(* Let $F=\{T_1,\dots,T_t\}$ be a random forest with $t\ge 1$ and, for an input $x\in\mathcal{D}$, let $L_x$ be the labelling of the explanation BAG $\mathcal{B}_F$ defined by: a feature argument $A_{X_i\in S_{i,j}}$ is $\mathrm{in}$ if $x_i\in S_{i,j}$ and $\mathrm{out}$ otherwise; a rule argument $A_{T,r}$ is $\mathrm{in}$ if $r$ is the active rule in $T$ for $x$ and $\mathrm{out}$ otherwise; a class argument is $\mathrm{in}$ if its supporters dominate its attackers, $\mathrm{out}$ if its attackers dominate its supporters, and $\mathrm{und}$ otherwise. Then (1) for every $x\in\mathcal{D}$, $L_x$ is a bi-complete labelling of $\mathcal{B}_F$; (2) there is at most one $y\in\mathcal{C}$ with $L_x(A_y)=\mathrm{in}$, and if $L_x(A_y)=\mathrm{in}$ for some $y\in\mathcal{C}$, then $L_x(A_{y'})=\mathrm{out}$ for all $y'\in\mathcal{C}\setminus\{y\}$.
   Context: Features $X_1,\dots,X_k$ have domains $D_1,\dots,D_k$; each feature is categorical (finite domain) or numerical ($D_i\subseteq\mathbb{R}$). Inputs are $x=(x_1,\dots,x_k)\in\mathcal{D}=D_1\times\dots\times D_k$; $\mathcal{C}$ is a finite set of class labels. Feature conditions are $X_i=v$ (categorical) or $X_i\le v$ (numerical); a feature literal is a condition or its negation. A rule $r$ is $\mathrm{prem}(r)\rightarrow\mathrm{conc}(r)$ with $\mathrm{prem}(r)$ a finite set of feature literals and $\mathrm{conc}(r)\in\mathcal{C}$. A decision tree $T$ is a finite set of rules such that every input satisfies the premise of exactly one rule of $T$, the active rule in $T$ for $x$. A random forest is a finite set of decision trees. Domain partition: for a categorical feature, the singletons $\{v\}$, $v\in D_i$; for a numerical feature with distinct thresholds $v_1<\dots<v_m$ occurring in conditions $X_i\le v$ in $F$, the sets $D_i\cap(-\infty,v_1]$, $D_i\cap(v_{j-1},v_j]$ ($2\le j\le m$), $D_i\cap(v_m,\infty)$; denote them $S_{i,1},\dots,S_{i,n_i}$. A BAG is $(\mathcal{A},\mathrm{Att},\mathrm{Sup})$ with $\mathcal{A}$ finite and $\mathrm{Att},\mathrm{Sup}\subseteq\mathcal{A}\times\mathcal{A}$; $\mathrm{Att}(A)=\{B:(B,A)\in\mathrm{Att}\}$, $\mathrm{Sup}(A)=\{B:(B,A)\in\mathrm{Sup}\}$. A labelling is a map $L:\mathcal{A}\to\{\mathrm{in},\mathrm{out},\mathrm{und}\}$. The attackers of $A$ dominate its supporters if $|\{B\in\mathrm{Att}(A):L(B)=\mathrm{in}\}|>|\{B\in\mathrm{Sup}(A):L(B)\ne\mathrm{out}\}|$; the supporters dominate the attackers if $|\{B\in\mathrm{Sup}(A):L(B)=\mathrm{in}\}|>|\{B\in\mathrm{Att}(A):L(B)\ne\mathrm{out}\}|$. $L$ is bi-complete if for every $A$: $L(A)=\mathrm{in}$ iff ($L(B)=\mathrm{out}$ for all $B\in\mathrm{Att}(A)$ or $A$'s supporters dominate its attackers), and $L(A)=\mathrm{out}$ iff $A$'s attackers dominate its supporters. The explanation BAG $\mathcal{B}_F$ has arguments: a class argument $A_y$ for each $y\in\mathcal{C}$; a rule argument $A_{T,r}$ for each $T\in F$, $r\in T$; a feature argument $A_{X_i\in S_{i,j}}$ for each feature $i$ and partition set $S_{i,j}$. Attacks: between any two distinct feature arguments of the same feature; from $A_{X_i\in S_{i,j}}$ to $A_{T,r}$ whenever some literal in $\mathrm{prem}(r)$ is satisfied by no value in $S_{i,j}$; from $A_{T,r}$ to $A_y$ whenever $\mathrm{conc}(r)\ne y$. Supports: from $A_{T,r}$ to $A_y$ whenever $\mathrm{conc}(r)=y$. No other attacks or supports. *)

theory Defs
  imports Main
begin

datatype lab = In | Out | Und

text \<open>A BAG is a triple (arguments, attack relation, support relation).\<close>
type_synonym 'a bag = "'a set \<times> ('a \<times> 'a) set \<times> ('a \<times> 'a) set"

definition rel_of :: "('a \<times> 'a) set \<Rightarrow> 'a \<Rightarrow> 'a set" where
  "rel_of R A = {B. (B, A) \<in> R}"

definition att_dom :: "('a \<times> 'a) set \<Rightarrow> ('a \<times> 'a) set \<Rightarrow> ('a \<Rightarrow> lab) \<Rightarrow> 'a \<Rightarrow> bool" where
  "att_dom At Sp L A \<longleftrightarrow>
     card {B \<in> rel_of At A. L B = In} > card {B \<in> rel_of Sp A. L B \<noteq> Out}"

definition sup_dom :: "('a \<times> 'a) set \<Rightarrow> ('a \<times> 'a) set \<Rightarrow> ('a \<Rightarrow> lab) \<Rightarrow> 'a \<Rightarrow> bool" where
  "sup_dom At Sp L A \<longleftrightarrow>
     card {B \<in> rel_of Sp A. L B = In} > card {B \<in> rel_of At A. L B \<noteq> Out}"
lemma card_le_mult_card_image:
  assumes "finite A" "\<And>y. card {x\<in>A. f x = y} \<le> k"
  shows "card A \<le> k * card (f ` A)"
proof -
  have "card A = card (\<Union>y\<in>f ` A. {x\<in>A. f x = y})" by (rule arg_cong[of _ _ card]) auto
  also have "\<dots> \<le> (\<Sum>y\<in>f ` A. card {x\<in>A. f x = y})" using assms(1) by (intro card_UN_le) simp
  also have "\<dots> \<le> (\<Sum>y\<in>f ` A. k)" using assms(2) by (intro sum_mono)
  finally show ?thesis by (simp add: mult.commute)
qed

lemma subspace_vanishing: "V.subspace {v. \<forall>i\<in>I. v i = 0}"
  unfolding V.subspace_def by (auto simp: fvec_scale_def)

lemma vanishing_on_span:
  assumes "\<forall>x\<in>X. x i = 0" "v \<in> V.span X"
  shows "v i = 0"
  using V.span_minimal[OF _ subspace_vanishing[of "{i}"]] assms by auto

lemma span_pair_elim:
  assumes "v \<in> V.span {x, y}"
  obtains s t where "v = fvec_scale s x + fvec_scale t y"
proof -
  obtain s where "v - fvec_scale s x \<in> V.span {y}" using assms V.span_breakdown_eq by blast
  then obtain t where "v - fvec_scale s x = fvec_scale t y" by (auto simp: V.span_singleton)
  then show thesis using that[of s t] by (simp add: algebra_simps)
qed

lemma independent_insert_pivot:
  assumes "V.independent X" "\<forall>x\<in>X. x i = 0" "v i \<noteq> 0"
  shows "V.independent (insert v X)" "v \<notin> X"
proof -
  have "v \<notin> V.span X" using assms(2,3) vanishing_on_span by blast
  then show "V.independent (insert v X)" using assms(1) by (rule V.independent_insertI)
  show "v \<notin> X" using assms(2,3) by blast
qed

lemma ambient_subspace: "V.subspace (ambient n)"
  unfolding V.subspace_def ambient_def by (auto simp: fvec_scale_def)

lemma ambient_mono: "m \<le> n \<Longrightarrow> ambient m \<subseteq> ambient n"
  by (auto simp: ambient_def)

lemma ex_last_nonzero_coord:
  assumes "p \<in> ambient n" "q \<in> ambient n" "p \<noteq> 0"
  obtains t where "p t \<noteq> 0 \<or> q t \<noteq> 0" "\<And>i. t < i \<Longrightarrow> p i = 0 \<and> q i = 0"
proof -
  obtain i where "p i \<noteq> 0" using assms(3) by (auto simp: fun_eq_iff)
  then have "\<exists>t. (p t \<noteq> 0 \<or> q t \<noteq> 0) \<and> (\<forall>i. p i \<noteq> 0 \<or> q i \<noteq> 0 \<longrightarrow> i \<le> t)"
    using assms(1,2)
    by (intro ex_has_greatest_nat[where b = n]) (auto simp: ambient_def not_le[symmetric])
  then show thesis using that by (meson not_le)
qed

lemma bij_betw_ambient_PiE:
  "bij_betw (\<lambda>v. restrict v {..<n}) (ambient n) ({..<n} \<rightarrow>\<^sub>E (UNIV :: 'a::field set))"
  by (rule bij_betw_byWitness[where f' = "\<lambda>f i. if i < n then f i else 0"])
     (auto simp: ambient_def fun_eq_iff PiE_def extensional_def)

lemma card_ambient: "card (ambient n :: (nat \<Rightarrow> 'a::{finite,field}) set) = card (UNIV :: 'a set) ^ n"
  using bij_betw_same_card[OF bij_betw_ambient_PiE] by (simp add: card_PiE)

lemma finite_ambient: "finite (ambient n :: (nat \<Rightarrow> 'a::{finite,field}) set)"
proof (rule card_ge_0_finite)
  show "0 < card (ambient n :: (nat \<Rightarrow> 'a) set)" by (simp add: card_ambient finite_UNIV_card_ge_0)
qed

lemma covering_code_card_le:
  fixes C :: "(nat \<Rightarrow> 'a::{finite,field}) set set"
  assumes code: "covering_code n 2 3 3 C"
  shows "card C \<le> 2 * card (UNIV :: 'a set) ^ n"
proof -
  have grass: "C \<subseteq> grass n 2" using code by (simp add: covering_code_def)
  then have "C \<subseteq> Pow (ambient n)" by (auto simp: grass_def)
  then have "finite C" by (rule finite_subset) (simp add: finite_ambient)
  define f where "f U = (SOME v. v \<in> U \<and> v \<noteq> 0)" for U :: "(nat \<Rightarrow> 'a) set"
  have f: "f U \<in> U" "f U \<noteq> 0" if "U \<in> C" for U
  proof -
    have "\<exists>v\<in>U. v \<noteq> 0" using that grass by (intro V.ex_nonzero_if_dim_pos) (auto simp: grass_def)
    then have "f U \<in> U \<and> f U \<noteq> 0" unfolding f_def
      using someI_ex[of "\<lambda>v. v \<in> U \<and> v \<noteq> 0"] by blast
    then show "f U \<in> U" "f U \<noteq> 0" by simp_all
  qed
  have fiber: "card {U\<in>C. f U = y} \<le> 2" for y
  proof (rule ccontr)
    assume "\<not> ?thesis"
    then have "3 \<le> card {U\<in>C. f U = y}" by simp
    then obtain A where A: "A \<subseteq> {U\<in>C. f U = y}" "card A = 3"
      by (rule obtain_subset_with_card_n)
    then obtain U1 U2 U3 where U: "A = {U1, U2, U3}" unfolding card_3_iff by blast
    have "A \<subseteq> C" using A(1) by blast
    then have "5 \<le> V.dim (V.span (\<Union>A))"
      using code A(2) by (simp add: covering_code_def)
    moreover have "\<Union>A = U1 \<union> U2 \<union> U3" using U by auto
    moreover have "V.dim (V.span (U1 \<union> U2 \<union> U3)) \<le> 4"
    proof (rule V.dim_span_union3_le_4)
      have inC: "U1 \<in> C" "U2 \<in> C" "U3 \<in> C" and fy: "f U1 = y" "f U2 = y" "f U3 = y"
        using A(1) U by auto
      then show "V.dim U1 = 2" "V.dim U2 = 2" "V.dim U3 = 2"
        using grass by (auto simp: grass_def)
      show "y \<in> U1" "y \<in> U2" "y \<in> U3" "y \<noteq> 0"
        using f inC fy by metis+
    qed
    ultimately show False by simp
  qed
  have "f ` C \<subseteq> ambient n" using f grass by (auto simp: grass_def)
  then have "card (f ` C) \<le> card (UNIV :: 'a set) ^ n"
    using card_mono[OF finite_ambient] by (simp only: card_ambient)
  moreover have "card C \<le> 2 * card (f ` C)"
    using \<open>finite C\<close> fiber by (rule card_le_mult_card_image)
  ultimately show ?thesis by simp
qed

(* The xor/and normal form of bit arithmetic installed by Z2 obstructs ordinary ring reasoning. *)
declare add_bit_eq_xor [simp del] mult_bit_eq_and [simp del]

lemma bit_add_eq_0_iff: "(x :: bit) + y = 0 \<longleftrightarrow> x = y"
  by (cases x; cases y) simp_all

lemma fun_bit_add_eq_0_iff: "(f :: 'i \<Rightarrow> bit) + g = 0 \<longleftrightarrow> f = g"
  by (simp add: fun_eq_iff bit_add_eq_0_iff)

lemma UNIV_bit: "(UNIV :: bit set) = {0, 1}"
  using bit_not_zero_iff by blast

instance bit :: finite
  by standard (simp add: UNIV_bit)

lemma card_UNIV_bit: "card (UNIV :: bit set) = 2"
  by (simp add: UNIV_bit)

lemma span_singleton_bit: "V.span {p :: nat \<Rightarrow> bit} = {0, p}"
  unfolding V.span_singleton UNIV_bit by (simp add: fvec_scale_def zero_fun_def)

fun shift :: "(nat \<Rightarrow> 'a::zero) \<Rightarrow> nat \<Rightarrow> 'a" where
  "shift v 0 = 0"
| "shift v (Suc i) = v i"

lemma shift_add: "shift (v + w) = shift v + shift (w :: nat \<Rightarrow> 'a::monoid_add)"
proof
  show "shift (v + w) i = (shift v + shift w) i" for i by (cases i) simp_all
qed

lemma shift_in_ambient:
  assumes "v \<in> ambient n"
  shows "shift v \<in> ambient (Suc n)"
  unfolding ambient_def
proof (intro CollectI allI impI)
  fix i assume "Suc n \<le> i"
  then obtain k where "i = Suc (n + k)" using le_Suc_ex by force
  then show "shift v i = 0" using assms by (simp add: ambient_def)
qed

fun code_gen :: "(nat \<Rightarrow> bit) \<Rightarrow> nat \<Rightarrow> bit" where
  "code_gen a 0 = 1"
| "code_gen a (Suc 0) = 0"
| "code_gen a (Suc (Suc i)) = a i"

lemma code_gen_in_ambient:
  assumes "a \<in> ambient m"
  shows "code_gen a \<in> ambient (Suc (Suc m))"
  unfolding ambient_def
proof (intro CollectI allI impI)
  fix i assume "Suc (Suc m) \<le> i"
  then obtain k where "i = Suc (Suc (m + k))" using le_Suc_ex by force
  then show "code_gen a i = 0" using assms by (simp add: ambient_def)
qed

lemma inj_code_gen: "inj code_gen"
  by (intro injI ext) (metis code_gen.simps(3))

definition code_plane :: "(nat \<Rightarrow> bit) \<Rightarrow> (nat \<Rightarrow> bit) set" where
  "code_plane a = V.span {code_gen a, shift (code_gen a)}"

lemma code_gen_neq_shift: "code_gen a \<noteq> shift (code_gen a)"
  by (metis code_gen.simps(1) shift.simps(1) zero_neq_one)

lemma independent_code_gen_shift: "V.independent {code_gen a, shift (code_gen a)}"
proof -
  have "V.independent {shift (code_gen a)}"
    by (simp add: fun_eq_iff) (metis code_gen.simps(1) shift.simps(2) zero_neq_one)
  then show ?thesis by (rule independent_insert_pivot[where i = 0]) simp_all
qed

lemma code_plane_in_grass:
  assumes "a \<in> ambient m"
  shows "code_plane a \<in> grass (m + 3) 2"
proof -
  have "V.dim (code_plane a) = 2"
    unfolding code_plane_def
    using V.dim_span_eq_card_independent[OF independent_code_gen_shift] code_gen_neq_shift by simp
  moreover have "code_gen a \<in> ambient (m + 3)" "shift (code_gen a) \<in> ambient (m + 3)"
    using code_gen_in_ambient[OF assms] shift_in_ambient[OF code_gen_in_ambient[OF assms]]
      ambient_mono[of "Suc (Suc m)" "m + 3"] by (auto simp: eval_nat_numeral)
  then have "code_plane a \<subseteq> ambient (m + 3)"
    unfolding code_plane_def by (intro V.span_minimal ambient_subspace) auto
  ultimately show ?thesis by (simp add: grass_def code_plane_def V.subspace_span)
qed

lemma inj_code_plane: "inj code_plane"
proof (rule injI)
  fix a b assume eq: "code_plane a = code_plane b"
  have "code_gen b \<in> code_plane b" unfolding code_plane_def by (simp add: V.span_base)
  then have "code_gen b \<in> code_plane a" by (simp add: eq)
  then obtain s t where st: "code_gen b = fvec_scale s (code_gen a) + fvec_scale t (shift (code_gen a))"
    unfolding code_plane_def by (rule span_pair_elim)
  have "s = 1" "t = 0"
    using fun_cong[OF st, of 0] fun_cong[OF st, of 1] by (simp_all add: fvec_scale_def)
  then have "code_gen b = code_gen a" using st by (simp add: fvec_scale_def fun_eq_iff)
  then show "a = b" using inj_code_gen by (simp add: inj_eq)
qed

_Task directions_. Tally the lines of the data that contain the word "metis", and give only that tally.

_Solution to the exercise_. 4